> _Your instructions_
Please output each entry in the material beneath exactly as shown.

> _Task material_

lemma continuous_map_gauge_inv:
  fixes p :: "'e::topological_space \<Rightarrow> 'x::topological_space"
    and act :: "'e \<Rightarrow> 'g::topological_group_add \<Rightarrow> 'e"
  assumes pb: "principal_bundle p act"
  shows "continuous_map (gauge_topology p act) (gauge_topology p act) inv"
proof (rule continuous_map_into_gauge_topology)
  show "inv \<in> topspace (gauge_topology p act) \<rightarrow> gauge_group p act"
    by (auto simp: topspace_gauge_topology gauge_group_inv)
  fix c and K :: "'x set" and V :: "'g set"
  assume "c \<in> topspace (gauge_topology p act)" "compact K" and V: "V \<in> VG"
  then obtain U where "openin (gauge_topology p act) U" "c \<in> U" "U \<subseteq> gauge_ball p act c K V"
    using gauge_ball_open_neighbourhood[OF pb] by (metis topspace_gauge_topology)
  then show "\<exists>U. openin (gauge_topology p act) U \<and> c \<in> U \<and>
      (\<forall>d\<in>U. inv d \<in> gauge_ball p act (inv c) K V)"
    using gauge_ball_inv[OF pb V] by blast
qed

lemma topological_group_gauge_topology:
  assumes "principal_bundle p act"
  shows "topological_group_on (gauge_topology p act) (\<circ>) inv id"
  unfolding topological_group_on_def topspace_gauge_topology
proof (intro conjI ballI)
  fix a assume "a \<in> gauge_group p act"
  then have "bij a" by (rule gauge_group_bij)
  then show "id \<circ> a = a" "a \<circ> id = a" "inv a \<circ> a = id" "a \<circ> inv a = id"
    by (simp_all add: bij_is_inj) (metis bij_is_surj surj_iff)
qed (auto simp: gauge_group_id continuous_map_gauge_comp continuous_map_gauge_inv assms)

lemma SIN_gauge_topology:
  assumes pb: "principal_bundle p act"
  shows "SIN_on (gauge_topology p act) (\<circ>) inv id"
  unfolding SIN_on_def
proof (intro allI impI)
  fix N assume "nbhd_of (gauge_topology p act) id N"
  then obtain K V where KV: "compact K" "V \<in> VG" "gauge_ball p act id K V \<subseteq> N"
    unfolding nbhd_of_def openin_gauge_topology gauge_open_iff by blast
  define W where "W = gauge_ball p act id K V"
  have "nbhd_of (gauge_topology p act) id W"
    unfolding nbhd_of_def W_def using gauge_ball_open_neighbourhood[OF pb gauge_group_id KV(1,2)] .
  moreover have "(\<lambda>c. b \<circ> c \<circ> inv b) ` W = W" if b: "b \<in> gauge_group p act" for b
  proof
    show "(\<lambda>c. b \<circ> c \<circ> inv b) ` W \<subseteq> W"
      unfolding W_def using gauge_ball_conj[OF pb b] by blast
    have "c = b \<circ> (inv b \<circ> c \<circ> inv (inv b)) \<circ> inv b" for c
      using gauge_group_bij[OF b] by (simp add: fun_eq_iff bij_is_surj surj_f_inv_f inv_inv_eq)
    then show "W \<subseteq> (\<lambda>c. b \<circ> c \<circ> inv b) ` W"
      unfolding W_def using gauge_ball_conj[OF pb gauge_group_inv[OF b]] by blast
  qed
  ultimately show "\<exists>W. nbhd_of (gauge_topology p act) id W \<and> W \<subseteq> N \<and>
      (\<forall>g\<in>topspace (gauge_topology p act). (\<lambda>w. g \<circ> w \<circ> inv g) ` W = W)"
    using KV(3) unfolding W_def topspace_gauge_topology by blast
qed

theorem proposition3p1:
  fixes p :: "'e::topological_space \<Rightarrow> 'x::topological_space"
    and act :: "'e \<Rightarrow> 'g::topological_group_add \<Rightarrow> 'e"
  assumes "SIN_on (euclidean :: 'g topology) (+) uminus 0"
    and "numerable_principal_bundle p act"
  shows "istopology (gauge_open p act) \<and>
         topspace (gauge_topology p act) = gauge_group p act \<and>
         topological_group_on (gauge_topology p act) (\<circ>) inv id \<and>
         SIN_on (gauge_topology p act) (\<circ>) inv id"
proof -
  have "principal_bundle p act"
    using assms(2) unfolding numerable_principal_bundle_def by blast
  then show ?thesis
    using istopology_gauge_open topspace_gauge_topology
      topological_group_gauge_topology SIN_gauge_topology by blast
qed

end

> _Task output_
lemma continuous_map_gauge_inv:
  fixes p :: "'e::topological_space \<Rightarrow> 'x::topological_space"
    and act :: "'e \<Rightarrow> 'g::topological_group_add \<Rightarrow> 'e"
  assumes pb: "principal_bundle p act"
  shows "continuous_map (gauge_topology p act) (gauge_topology p act) inv"
proof (rule continuous_map_into_gauge_topology)
  show "inv \<in> topspace (gauge_topology p act) \<rightarrow> gauge_group p act"
    by (auto simp: topspace_gauge_topology gauge_group_inv)
  fix c and K :: "'x set" and V :: "'g set"
  assume "c \<in> topspace (gauge_topology p act)" "compact K" and V: "V \<in> VG"
  then obtain U where "openin (gauge_topology p act) U" "c \<in> U" "U \<subseteq> gauge_ball p act c K V"
    using gauge_ball_open_neighbourhood[OF pb] by (metis topspace_gauge_topology)
  then show "\<exists>U. openin (gauge_topology p act) U \<and> c \<in> U \<and>
      (\<forall>d\<in>U. inv d \<in> gauge_ball p act (inv c) K V)"
    using gauge_ball_inv[OF pb V] by blast
qed

lemma topological_group_gauge_topology:
  assumes "principal_bundle p act"
  shows "topological_group_on (gauge_topology p act) (\<circ>) inv id"
  unfolding topological_group_on_def topspace_gauge_topology
proof (intro conjI ballI)
  fix a assume "a \<in> gauge_group p act"
  then have "bij a" by (rule gauge_group_bij)
  then show "id \<circ> a = a" "a \<circ> id = a" "inv a \<circ> a = id" "a \<circ> inv a = id"
    by (simp_all add: bij_is_inj) (metis bij_is_surj surj_iff)
qed (auto simp: gauge_group_id continuous_map_gauge_comp continuous_map_gauge_inv assms)

lemma SIN_gauge_topology:
  assumes pb: "principal_bundle p act"
  shows "SIN_on (gauge_topology p act) (\<circ>) inv id"
  unfolding SIN_on_def
proof (intro allI impI)
  fix N assume "nbhd_of (gauge_topology p act) id N"
  then obtain K V where KV: "compact K" "V \<in> VG" "gauge_ball p act id K V \<subseteq> N"
    unfolding nbhd_of_def openin_gauge_topology gauge_open_iff by blast
  define W where "W = gauge_ball p act id K V"
  have "nbhd_of (gauge_topology p act) id W"
    unfolding nbhd_of_def W_def using gauge_ball_open_neighbourhood[OF pb gauge_group_id KV(1,2)] .
  moreover have "(\<lambda>c. b \<circ> c \<circ> inv b) ` W = W" if b: "b \<in> gauge_group p act" for b
  proof
    show "(\<lambda>c. b \<circ> c \<circ> inv b) ` W \<subseteq> W"
      unfolding W_def using gauge_ball_conj[OF pb b] by blast
    have "c = b \<circ> (inv b \<circ> c \<circ> inv (inv b)) \<circ> inv b" for c
      using gauge_group_bij[OF b] by (simp add: fun_eq_iff bij_is_surj surj_f_inv_f inv_inv_eq)
    then show "W \<subseteq> (\<lambda>c. b \<circ> c \<circ> inv b) ` W"
      unfolding W_def using gauge_ball_conj[OF pb gauge_group_inv[OF b]] by blast
  qed
  ultimately show "\<exists>W. nbhd_of (gauge_topology p act) id W \<and> W \<subseteq> N \<and>
      (\<forall>g\<in>topspace (gauge_topology p act). (\<lambda>w. g \<circ> w \<circ> inv g) ` W = W)"
    using KV(3) unfolding W_def topspace_gauge_topology by blast
qed

theorem proposition3p1:
  fixes p :: "'e::topological_space \<Rightarrow> 'x::topological_space"
    and act :: "'e \<Rightarrow> 'g::topological_group_add \<Rightarrow> 'e"
  assumes "SIN_on (euclidean :: 'g topology) (+) uminus 0"
    and "numerable_principal_bundle p act"
  shows "istopology (gauge_open p act) \<and>
         topspace (gauge_topology p act) = gauge_group p act \<and>
         topological_group_on (gauge_topology p act) (\<circ>) inv id \<and>
         SIN_on (gauge_topology p act) (\<circ>) inv id"
proof -
  have "principal_bundle p act"
    using assms(2) unfolding numerable_principal_bundle_def by blast
  then show ?thesis
    using istopology_gauge_open topspace_gauge_topology
      topological_group_gauge_topology SIN_gauge_topology by blast
qed

end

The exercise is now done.